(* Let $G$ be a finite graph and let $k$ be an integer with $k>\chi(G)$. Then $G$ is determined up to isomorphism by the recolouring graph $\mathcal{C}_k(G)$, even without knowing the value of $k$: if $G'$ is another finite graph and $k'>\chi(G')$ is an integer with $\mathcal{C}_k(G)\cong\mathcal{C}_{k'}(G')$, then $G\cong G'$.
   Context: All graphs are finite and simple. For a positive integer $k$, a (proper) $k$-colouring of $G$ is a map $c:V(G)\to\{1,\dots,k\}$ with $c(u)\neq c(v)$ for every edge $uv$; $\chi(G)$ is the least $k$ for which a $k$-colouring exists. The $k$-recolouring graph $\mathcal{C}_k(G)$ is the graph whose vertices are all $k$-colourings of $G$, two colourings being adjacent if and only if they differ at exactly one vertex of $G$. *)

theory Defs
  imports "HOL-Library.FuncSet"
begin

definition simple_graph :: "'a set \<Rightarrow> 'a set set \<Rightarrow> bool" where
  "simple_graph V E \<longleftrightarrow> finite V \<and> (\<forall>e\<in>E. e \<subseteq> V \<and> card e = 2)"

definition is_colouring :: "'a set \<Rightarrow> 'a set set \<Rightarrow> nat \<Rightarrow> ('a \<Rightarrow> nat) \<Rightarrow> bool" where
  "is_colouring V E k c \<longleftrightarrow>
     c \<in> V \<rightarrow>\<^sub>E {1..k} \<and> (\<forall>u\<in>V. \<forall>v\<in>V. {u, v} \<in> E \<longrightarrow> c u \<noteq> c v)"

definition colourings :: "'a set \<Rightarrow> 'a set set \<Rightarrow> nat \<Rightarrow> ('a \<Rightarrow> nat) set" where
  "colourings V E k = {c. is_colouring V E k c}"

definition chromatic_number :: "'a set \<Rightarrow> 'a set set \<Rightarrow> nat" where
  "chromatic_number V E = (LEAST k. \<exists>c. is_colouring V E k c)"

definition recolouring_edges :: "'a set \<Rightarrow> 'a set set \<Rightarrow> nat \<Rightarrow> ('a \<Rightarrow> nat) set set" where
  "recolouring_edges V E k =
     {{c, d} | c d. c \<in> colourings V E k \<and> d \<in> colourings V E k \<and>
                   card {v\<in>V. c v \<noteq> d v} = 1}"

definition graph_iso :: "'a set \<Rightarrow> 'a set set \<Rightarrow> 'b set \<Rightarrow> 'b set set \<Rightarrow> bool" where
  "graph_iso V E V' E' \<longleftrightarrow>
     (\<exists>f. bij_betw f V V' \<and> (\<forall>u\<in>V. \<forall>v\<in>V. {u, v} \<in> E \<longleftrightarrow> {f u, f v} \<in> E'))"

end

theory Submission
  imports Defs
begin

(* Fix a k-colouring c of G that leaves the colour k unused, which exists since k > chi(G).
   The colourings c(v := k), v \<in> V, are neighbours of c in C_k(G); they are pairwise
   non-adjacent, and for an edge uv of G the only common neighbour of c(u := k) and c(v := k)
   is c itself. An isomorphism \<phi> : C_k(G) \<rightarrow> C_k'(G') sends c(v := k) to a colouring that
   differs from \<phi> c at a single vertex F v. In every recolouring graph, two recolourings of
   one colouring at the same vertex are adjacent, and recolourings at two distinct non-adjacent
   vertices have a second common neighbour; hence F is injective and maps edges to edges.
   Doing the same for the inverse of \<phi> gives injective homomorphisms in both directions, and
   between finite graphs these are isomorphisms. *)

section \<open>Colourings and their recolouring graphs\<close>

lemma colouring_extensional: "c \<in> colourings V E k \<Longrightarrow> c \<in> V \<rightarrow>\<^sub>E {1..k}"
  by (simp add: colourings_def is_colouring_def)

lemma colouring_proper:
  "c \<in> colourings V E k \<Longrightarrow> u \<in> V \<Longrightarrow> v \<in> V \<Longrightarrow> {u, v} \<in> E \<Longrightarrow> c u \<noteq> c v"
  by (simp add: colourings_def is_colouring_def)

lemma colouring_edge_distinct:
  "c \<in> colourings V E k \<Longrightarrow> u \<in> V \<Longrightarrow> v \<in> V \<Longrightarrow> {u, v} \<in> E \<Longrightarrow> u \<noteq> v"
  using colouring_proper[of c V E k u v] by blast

==

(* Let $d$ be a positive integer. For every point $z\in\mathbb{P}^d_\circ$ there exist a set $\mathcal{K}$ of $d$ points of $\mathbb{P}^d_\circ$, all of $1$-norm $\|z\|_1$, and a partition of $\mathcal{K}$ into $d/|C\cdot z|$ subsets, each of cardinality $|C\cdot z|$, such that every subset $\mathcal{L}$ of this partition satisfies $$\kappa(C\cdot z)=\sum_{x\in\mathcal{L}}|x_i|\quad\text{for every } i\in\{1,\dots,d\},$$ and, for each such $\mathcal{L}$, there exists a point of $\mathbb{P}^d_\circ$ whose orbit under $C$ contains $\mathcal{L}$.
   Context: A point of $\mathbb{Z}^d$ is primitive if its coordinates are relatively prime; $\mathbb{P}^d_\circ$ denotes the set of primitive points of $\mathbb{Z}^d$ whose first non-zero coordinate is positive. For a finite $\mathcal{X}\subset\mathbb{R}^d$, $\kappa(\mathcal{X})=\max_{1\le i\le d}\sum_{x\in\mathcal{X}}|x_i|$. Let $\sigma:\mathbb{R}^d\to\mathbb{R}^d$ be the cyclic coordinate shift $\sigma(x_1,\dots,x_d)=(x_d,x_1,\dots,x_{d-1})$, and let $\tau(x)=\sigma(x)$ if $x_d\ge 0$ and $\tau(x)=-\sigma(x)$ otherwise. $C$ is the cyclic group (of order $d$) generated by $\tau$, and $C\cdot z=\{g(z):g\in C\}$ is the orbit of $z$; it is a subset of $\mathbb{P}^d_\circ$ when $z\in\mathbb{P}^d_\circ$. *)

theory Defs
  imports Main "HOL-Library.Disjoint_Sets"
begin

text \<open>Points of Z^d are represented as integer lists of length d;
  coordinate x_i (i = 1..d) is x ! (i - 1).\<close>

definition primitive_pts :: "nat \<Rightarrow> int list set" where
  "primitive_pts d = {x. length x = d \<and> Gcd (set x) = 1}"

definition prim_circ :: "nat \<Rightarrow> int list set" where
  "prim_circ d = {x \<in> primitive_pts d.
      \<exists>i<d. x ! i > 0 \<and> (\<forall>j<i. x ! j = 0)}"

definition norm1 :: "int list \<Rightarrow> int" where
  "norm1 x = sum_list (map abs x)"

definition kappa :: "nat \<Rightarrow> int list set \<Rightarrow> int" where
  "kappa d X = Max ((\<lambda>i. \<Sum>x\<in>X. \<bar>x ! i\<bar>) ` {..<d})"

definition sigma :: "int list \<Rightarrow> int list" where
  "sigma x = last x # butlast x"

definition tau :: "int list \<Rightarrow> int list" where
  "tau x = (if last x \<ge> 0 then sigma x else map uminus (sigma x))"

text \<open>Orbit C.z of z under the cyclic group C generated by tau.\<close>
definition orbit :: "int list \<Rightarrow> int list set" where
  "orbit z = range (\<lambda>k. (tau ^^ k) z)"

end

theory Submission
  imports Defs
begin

__TASK PROMPT__
Reproduce verbatim only the segment of the listing bounded by the line containing "0 \<and> (\<forall>j<i." and the line containing "x # butlast", with both boundary lines included.

__ANSWER BELOW__
      \<exists>i<d. x ! i > 0 \<and> (\<forall>j<i. x ! j = 0)}"

definition norm1 :: "int list \<Rightarrow> int" where
  "norm1 x = sum_list (map abs x)"

definition kappa :: "nat \<Rightarrow> int list set \<Rightarrow> int" where
  "kappa d X = Max ((\<lambda>i. \<Sum>x\<in>X. \<bar>x ! i\<bar>) ` {..<d})"

definition sigma :: "int list \<Rightarrow> int list" where
  "sigma x = last x # butlast x"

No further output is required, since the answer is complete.